TASK OBJECTIVE => What is the number of lines below that include "equiv"? Give that number alone.

(PROVIDED DATA)

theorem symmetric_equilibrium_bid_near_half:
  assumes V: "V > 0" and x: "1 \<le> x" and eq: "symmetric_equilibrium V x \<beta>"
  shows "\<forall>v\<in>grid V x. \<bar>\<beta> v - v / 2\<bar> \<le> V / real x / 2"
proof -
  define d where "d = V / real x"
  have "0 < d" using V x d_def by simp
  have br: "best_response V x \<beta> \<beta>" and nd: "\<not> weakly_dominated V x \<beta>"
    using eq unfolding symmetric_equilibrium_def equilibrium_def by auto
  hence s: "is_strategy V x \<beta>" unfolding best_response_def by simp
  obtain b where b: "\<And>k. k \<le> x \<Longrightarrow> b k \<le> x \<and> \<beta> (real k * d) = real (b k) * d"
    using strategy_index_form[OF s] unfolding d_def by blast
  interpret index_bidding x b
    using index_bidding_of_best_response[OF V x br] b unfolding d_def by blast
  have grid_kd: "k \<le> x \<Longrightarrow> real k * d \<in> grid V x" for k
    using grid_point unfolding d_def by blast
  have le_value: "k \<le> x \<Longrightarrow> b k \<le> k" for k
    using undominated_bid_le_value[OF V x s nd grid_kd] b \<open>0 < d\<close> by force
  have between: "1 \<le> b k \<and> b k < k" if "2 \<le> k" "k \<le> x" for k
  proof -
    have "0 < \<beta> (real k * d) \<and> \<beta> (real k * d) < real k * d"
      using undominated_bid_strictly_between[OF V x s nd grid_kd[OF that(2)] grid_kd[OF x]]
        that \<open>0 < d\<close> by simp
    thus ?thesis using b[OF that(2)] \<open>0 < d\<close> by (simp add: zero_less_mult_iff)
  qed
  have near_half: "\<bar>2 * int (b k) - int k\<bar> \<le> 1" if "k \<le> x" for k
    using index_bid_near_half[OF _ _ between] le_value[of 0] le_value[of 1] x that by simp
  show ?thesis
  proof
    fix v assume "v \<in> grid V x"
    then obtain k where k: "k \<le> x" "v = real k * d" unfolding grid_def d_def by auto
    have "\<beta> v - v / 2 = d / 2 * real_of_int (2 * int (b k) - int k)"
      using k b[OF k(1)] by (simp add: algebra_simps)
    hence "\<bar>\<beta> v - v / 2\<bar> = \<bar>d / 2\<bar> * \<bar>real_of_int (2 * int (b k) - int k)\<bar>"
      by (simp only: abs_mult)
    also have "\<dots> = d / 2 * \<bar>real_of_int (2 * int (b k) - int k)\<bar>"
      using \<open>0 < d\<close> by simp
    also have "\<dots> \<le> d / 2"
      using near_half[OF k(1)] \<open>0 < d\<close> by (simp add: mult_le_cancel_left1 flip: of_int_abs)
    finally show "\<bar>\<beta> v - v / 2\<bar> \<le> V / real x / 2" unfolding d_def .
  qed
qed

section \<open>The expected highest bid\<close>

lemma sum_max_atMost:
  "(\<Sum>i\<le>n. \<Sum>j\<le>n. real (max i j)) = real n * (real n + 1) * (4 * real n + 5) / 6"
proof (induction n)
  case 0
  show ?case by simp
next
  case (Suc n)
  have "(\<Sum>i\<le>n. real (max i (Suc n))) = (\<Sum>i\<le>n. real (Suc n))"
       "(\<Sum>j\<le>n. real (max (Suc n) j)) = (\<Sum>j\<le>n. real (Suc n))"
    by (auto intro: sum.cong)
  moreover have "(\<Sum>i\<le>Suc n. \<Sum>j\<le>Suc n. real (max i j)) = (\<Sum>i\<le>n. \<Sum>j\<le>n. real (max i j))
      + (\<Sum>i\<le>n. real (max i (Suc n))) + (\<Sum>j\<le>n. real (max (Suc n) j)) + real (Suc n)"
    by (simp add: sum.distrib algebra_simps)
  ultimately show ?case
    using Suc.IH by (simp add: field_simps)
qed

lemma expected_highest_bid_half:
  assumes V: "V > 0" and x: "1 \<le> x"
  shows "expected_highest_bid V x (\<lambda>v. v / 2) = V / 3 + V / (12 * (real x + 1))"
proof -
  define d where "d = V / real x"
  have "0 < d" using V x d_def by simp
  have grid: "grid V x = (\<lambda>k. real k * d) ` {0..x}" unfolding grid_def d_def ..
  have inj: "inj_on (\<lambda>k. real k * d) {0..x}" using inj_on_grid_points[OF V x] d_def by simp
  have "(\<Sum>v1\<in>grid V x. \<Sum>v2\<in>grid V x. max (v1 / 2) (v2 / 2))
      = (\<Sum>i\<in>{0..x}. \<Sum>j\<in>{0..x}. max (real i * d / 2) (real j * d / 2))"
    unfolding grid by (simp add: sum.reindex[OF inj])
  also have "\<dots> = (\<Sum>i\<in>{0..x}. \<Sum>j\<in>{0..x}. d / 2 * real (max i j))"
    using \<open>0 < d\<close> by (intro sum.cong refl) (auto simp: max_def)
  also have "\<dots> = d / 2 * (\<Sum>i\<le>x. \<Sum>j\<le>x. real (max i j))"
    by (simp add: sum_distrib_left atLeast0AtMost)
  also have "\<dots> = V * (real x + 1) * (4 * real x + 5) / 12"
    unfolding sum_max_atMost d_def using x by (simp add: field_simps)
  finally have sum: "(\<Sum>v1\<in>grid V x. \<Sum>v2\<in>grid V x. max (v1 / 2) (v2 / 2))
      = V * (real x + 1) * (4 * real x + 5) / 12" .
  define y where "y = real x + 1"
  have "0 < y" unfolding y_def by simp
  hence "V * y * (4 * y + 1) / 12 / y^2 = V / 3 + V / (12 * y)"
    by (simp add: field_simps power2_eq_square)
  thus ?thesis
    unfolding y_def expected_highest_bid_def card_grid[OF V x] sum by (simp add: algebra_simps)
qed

(End PROVIDED DATA)
(PROVIDED DATA)

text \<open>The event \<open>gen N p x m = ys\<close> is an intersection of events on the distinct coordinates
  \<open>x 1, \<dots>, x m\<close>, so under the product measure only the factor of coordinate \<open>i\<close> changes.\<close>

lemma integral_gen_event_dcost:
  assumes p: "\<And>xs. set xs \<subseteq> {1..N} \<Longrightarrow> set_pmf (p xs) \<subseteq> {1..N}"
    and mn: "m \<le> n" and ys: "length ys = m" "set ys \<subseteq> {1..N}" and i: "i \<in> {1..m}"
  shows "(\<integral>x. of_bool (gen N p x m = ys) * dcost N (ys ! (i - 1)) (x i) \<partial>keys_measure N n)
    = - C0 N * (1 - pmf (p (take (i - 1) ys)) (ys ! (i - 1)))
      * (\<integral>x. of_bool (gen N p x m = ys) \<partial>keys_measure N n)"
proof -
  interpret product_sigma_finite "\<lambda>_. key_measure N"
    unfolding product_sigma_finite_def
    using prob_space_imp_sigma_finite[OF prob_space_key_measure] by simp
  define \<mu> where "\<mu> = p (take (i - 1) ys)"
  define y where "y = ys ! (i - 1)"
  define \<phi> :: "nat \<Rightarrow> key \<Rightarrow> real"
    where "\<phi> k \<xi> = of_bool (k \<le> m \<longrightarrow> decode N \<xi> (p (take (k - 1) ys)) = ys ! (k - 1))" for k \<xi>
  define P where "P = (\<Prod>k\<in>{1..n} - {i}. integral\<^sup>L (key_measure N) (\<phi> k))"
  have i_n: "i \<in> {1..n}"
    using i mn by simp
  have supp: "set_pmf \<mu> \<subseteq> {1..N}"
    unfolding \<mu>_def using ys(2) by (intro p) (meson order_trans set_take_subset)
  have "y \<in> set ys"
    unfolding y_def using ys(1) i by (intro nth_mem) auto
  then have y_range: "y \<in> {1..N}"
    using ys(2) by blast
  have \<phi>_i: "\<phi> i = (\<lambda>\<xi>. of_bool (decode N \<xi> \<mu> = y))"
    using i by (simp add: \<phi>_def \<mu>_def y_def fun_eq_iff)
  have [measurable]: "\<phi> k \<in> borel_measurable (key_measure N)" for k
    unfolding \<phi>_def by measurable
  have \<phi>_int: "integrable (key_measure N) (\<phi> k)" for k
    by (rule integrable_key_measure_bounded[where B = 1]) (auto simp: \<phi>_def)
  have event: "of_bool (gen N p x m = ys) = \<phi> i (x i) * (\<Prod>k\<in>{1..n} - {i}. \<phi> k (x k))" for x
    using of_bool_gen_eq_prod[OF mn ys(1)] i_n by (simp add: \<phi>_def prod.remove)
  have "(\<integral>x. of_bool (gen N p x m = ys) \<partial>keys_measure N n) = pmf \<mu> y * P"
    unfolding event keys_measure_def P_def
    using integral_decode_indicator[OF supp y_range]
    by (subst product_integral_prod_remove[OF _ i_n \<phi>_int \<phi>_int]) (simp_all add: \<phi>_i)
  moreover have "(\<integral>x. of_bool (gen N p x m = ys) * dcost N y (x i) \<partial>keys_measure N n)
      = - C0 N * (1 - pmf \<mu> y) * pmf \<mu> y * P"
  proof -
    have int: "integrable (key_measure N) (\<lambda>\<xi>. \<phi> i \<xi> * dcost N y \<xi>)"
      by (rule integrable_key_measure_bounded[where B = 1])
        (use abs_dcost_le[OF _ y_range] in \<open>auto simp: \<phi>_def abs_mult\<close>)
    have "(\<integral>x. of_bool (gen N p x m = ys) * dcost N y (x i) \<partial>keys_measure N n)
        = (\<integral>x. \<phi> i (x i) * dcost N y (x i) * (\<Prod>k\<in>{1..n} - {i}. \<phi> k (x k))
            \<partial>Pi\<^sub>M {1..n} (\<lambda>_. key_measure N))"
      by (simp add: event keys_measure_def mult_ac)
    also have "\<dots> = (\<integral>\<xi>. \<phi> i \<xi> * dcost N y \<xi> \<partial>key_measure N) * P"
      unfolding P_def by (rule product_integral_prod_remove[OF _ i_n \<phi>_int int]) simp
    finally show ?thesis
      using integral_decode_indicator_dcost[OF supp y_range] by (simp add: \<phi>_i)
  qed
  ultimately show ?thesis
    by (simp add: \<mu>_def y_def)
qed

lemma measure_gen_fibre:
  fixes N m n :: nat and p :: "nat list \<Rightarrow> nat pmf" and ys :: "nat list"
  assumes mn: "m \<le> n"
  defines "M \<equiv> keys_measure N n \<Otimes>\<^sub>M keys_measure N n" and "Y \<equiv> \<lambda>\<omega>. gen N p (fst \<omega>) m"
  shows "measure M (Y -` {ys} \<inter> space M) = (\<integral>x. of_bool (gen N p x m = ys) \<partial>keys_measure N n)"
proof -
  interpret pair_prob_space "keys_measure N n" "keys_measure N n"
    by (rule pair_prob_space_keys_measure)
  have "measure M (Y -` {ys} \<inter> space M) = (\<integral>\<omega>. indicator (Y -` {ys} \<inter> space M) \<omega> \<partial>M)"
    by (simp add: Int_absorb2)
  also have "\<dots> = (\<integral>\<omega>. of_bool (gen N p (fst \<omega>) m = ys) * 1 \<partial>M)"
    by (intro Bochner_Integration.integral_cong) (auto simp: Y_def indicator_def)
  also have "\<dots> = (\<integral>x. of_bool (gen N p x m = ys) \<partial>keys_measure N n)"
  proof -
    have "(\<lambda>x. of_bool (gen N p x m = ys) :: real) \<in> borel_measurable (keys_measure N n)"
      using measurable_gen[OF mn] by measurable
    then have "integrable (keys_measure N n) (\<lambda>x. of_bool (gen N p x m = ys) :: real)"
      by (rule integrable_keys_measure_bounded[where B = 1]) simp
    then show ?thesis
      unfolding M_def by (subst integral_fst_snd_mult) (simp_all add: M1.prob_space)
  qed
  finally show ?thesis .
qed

(End PROVIDED DATA)
(PROVIDED DATA)

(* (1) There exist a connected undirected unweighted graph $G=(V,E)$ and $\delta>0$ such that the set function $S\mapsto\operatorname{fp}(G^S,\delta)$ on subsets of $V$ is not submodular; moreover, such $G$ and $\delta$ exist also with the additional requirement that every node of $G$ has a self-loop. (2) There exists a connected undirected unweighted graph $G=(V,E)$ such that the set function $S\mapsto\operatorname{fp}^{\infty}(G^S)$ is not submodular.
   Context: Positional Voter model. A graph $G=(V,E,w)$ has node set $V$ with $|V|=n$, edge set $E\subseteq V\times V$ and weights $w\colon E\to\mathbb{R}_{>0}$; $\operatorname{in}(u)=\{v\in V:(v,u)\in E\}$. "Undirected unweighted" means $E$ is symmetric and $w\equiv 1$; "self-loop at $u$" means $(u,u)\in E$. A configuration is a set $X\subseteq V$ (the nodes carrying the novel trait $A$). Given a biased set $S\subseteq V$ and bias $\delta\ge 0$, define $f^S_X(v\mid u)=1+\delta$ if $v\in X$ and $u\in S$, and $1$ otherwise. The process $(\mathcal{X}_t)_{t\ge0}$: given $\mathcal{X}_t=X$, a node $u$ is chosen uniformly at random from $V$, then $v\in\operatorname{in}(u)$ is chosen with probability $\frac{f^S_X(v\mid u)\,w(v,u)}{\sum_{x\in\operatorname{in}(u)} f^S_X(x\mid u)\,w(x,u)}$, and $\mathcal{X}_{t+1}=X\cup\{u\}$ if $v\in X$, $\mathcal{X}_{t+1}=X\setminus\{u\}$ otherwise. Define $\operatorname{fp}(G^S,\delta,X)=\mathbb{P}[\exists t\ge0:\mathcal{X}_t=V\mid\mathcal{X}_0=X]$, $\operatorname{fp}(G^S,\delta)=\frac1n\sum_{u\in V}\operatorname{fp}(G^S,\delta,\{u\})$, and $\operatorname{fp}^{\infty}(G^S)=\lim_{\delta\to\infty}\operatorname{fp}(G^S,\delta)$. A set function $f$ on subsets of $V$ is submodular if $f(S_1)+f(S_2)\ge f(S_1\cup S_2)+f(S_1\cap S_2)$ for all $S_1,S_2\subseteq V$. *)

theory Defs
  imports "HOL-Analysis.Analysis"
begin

(End PROVIDED DATA)

FINISHED TASK => 2